National Academy of Sciences, he served as the science consultant for the Warner Bros. superhero film Watchmen. In 2009 Kakalios made a short video on the Science of Watchmen, which was viewed over 1.8 million times on youtube.com. This video won an Upper Midwest Regional Emmy award in the alternative Media: Arts/Entertainment category in 2009 and was nominated for a WEBBY award in 2010. His research interests include nanocrystalline and amorphous semiconductors, pattern formation in sandpiles and fluctuation phenomena in neurological systems.

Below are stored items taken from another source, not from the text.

lemma card_bad_lines:
  assumes s: "sdir d m \<in> {1..d}"
  shows "card {p \<in> box d x m. line_through d x m p \<notin> \<L>}
       = card (lines d x m - \<L>) * nat (x (sdir d m) m + 1)"
proof -
  define F where "F q = {r \<in> box d x m. r(sdir d m := 0) = q}" for q
  define B where "B = (\<lambda>p. p(sdir d m := 0)) ` box d x m"
  define T where "T = {q. F q \<notin> \<L>}"
  have bij: "bij_betw F B (lines d x m)"
    unfolding F_def B_def by (rule bij_betw_proj_box_lines[OF s])
  have "F ` (T \<inter> B) = F ` B - \<L>"
    unfolding T_def by blast
  also have "F ` B = lines d x m"
    using bij by (simp add: bij_betw_def)
  finally have "card (T \<inter> B) = card (lines d x m - \<L>)"
    by (intro bij_betw_same_card[OF bij_betw_subset[OF bij]]) auto
  moreover have "line_through d x m p = F (p(sdir d m := 0))" if "p \<in> box d x m" for p
    using line_through_eq_fibre[OF s that] by (simp add: F_def)
  then have "{p \<in> box d x m. line_through d x m p \<notin> \<L>} = {p \<in> box d x m. p(sdir d m := 0) \<in> T}"
    unfolding T_def by auto
  ultimately show ?thesis
    using card_box_proj_vimage[OF s, of x m T] by (simp add: B_def)
qed

lemma card_bad_lines_le:
  fixes \<L> :: "(nat \<Rightarrow> int) set set" and a :: real
  assumes s: "sdir d m \<in> {1..d}" and sub: "\<L> \<subseteq> lines d x m"
    and card_\<L>: "(1 - 1 / a) * real (card (lines d x m)) \<le> real (card \<L>)"
  shows "real (card {p \<in> box d x m. line_through d x m p \<notin> \<L>}) \<le> real (card (box d x m)) / a"
proof -
  define n where "n = real (nat (x (sdir d m) m + 1))"
  have fin: "finite (lines d x m)"
    unfolding lines_def by (simp add: finite_box)
  have "real (card (lines d x m - \<L>)) = real (card (lines d x m)) - real (card \<L>)"
    using card_mono[OF fin sub] card_Diff_subset[OF finite_subset[OF sub fin] sub]
    by (simp add: of_nat_diff)
  also have "\<dots> \<le> real (card (lines d x m)) / a"
    using card_\<L> by (simp add: left_diff_distrib)
  finally have "real (card (lines d x m - \<L>)) * n \<le> real (card (lines d x m)) / a * n"
    by (rule mult_right_mono) (simp add: n_def)
  then show ?thesis
    using card_bad_lines[OF s, of x \<L>] card_lines[OF s, of x] by (simp add: n_def)
qed

definition linked_chain :: "(nat \<Rightarrow> 'a set set) \<Rightarrow> nat \<Rightarrow> (nat \<Rightarrow> 'a set) \<Rightarrow> bool" where
  "linked_chain \<L> m L \<longleftrightarrow> (\<forall>i\<in>{1..m}. L i \<in> \<L> i) \<and> (\<forall>i\<in>{1..m - 1}. L (i + 1) \<inter> L i \<noteq> {})"

definition reached :: "(nat \<Rightarrow> 'a set set) \<Rightarrow> nat \<Rightarrow> 'a set" where
  "reached \<L> m = {p. \<exists>L. linked_chain \<L> m L \<and> p \<in> L m}"

lemma reached_0 [simp]: "reached \<L> 0 = UNIV"
  unfolding reached_def linked_chain_def by (auto intro!: exI[of _ "\<lambda>_. {_}"])

lemma subset_reached_Suc:
  assumes l: "l \<in> \<L> (Suc m)" and meet: "l \<inter> reached \<L> m \<noteq> {}"
  shows "l \<subseteq> reached \<L> (Suc m)"
proof
  fix p assume "p \<in> l"
  from meet obtain L where L: "linked_chain \<L> m L" and "l \<inter> L m \<noteq> {}"
    unfolding reached_def by blast
  then have "linked_chain \<L> (Suc m) (L(Suc m := l))"
    using l unfolding linked_chain_def by (auto simp: le_Suc_eq Int_commute)
  with \<open>p \<in> l\<close> show "p \<in> reached \<L> (Suc m)"
    unfolding reached_def by (intro CollectI exI[of _ "L(Suc m := l)"]) simp
qed

lemma unreached_Suc_subset:
  fixes d m :: nat and x :: "nat \<Rightarrow> nat \<Rightarrow> int" and \<L> :: "nat \<Rightarrow> (nat \<Rightarrow> int) set set"
  defines "s \<equiv> sdir d (Suc m)"
  defines "T \<equiv> {q. \<forall>r\<in>box d x m. r(s := 0) = q \<longrightarrow> r \<notin> reached \<L> m}"
  assumes s: "s \<in> {1..d}" and grow: "box d x m \<subseteq> box d x (Suc m)"
  shows "box d x (Suc m) - reached \<L> (Suc m)
    \<subseteq> {p \<in> box d x (Suc m). p(s := 0) \<in> T}
      \<union> {p \<in> box d x (Suc m). line_through d x (Suc m) p \<notin> \<L> (Suc m)}"
proof (rule subsetI, rule ccontr)
  fix p assume p: "p \<in> box d x (Suc m) - reached \<L> (Suc m)"
    and "p \<notin> {p \<in> box d x (Suc m). p(s := 0) \<in> T}
      \<union> {p \<in> box d x (Suc m). line_through d x (Suc m) p \<notin> \<L> (Suc m)}"
  then have good: "line_through d x (Suc m) p \<in> \<L> (Suc m)"
    and "p(s := 0) \<notin> T" by auto
  then obtain r where r: "r \<in> box d x m" "r(s := 0) = p(s := 0)" "r \<in> reached \<L> m"
    unfolding T_def by blast
  have line: "line_through d x (Suc m) p = {r \<in> box d x (Suc m). r(s := 0) = p(s := 0)}"
    using line_through_eq_fibre[of d "Suc m" p x] s p unfolding s_def by blast
  with r grow have "line_through d x (Suc m) p \<inter> reached \<L> m \<noteq> {}" by blast
  with good have "line_through d x (Suc m) p \<subseteq> reached \<L> (Suc m)"
    by (rule subset_reached_Suc)
  moreover have "p \<in> line_through d x (Suc m) p" using line p by blast
  ultimately show False using p by blast
qed

lemma card_unreached_Suc_le:
  fixes d m :: nat and x :: "nat \<Rightarrow> nat \<Rightarrow> int" and \<L> :: "nat \<Rightarrow> (nat \<Rightarrow> int) set set" and \<beta> :: real
  defines "s \<equiv> sdir d (Suc m)"
  assumes s: "s \<in> {1..d}" and same: "\<forall>k\<in>{1..d}. k \<noteq> s \<longrightarrow> x k (Suc m) = x k m"
    and grow: "x s m \<le> x s (Suc m)" and nonneg: "0 \<le> x s m"
    and unreached: "real (card (box d x m - reached \<L> m)) \<le> \<beta> * real (card (box d x m))"
  shows "real (card (box d x (Suc m) - reached \<L> (Suc m)))
    \<le> \<beta> * real (card (box d x (Suc m)))
      + real (card {p \<in> box d x (Suc m). line_through d x (Suc m) p \<notin> \<L> (Suc m)})"
proof -
  define T where "T = {q. \<forall>r\<in>box d x m. r(s := 0) = q \<longrightarrow> r \<notin> reached \<L> m}"
  define B where "B = (\<lambda>p. p(s := 0)) ` box d x m"
  define U where "U = {p \<in> box d x (Suc m). line_through d x (Suc m) p \<notin> \<L> (Suc m)}"
  have B_Suc: "(\<lambda>p. p(s := 0)) ` box d x (Suc m) = B"
    unfolding B_def using proj_box_eq_if_same_off[OF s same nonneg] nonneg grow by simp
  have "real (card (T \<inter> B)) * real (nat (x s m + 1))
      = real (card {p \<in> box d x m. p(s := 0) \<in> T})"
    using card_box_proj_vimage[OF s, of x m T] by (simp add: B_def)
  also have "\<dots> \<le> real (card (box d x m - reached \<L> m))"
    by (intro of_nat_mono card_mono) (auto simp: finite_box T_def)
  also have "\<dots> \<le> \<beta> * real (card B) * real (nat (x s m + 1))"
    using unreached card_box[OF s, of x m] by (simp add: B_def)
  finally have TB: "real (card (T \<inter> B)) \<le> \<beta> * real (card B)"
    using nonneg by simp
  have "box d x m \<subseteq> box d x (Suc m)"
    using same grow by (intro box_mono) (metis order_refl)
  then have "real (card (box d x (Suc m) - reached \<L> (Suc m)))
      \<le> real (card ({p \<in> box d x (Suc m). p(s := 0) \<in> T} \<union> U))"
    using unreached_Suc_subset[of d m x \<L>] s
    by (intro of_nat_mono card_mono) (auto simp: finite_box s_def T_def U_def)
  also have "\<dots> \<le> real (card (T \<inter> B) * nat (x s (Suc m) + 1) + card U)"
    using card_Un_le[of "{p \<in> box d x (Suc m). p(s := 0) \<in> T}" U]
      card_box_proj_vimage[OF s, of x "Suc m" T] B_Suc by (intro of_nat_mono) simp
  also have "\<dots> = real (card (T \<inter> B)) * real (nat (x s (Suc m) + 1)) + real (card U)"
    by simp
  also have "\<dots> \<le> \<beta> * real (card B) * real (nat (x s (Suc m) + 1)) + real (card U)"
    using TB by (simp add: mult_right_mono)
  also have "\<dots> = \<beta> * real (card (box d x (Suc m))) + real (card U)"
    using card_box[OF s, of x "Suc m"] B_Suc by simp
  finally show ?thesis unfolding U_def .
qed

lemma card_unreached_le:
  fixes \<L> :: "nat \<Rightarrow> (nat \<Rightarrow> int) set set" and A :: "nat \<Rightarrow> real"
  assumes d: "d \<ge> 1" and x0: "\<forall>k\<in>{1..d}. x k 0 = 0"
    and step: "\<And>k m. k \<in> {1..d} \<Longrightarrow> x k m \<le> x k (Suc m)"
    and fixed: "\<And>k m. k \<in> {1..d} \<Longrightarrow> k \<noteq> sdir d (Suc m) \<Longrightarrow> x k (Suc m) = x k m"
    and Lsub: "\<forall>m\<ge>1. \<L> m \<subseteq> lines d x m"
    and Lcard: "\<forall>m\<ge>1. real (card (\<L> m)) \<ge> (1 - 1 / A m) * real (card (lines d x m))"
  shows "real (card (box d x m - reached \<L> m)) \<le> (\<Sum>i=1..m. 1 / A i) * real (card (box d x m))"
proof (induction m)
  case (Suc m)
  have s: "sdir d (Suc m) \<in> {1..d}" by (rule sdir_mem[OF d])
  have nonneg: "0 \<le> x (sdir d (Suc m)) m"
    using x0 s lift_Suc_mono_le[of "x (sdir d (Suc m))" 0 m] step[OF s] by simp
  have "real (card (box d x (Suc m) - reached \<L> (Suc m)))
    \<le> (\<Sum>i=1..m. 1 / A i) * real (card (box d x (Suc m)))
      + real (card {p \<in> box d x (Suc m). line_through d x (Suc m) p \<notin> \<L> (Suc m)})"
    using fixed by (intro card_unreached_Suc_le[OF s _ step[OF s] nonneg Suc.IH]) blast
  also have "\<dots> \<le> (\<Sum>i=1..m. 1 / A i) * real (card (box d x (Suc m)))
      + real (card (box d x (Suc m))) / A (Suc m)"
    using card_bad_lines_le[OF s Lsub[rule_format, of "Suc m"] Lcard[rule_format, of "Suc m"]]
    by simp
  also have "\<dots> = (\<Sum>i=1..Suc m. 1 / A i) * real (card (box d x (Suc m)))"
    by (simp add: distrib_right)
  finally show ?case .
qed simp

theorem lemma2p3:
  fixes d :: nat and x :: "nat \<Rightarrow> nat \<Rightarrow> int" and A :: "nat \<Rightarrow> real"
    and \<L> :: "nat \<Rightarrow> (nat \<Rightarrow> int) set set" and M0 :: nat
  assumes d2: "d \<ge> 2"
    and x0: "\<forall>k\<in>{1..d}. x k 0 = 0"
    and xmono: "\<forall>m\<ge>1. \<forall>k\<in>{1..d}. x k m \<ge> x k (m - 1)"
    and xstrict: "\<forall>m\<ge>1. \<forall>k\<in>{1..d}. (x k m > x k (m - 1) \<longleftrightarrow> k mod d = m mod d)"
    and A1: "\<forall>m\<ge>1. A m > 1"
    and Lsub: "\<forall>m\<ge>1. \<L> m \<subseteq> lines d x m"
    and Lcard: "\<forall>m\<ge>1. real (card (\<L> m)) \<ge> (1 - 1 / A m) * real (card (lines d x m))"
    and sumA: "(\<Sum>m=1..M0. 1 / A m) < 1"
  shows "\<exists>L :: nat \<Rightarrow> (nat \<Rightarrow> int) set.
           (\<forall>m\<in>{1..M0}. L m \<in> \<L> m) \<and>
           (\<forall>m\<in>{1..M0 - 1}. L (m + 1) \<inter> L m \<noteq> {})"
proof -
  have d1: "d \<ge> 1" using d2 by simp
  have step: "x k m \<le> x k (Suc m)" if "k \<in> {1..d}" for k m
    using xmono[rule_format, of "Suc m" k] that by simp
  have fixed: "x k (Suc m) = x k m" if "k \<in> {1..d}" "k \<noteq> sdir d (Suc m)" for k m
  proof -
    have "\<not> x k m < x k (Suc m)"
      using xstrict[rule_format, of "Suc m" k] that sdir_eq_iff_mod_eq[OF d1 that(1), of "Suc m"]
      by simp
    with step[OF that(1), of m] show ?thesis by simp
  qed
  note unreached = card_unreached_le[OF d1 x0 step fixed Lsub Lcard, of M0]
  have "0 \<le> x k M0" if "k \<in> {1..d}" for k
    using x0 that lift_Suc_mono_le[of "x k" 0 M0] step[OF that] by simp
  then have "(\<lambda>_. 0) \<in> box d x M0" by (auto simp: box_def)
  then have "0 < card (box d x M0)" using finite_box card_gt_0_iff by blast
  with sumA have "(\<Sum>i=1..M0. 1 / A i) * real (card (box d x M0)) < real (card (box d x M0))"
    by simp
  with unreached have "card (box d x M0 - reached \<L> M0) < card (box d x M0)" by linarith
  then have "reached \<L> M0 \<noteq> {}" by auto
  then show ?thesis unfolding reached_def linked_chain_def by blast
qed

end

He is a Fellow of the American Physical Society (APS) and the American Association for the Advancement of Science (AAAS), and has served as the Chair of the APS Committee on Informing the Public, Past-Chair of the APS Forum on Outreach and Engaging the Public. His efforts at science communication and public outreach have been recognized with the 2014 AAAS Public Engagement with Science Award and the American Institute of Physics’ 2016 Andrew Gemant Award. He has been reading comic books longer than he has been studying physics.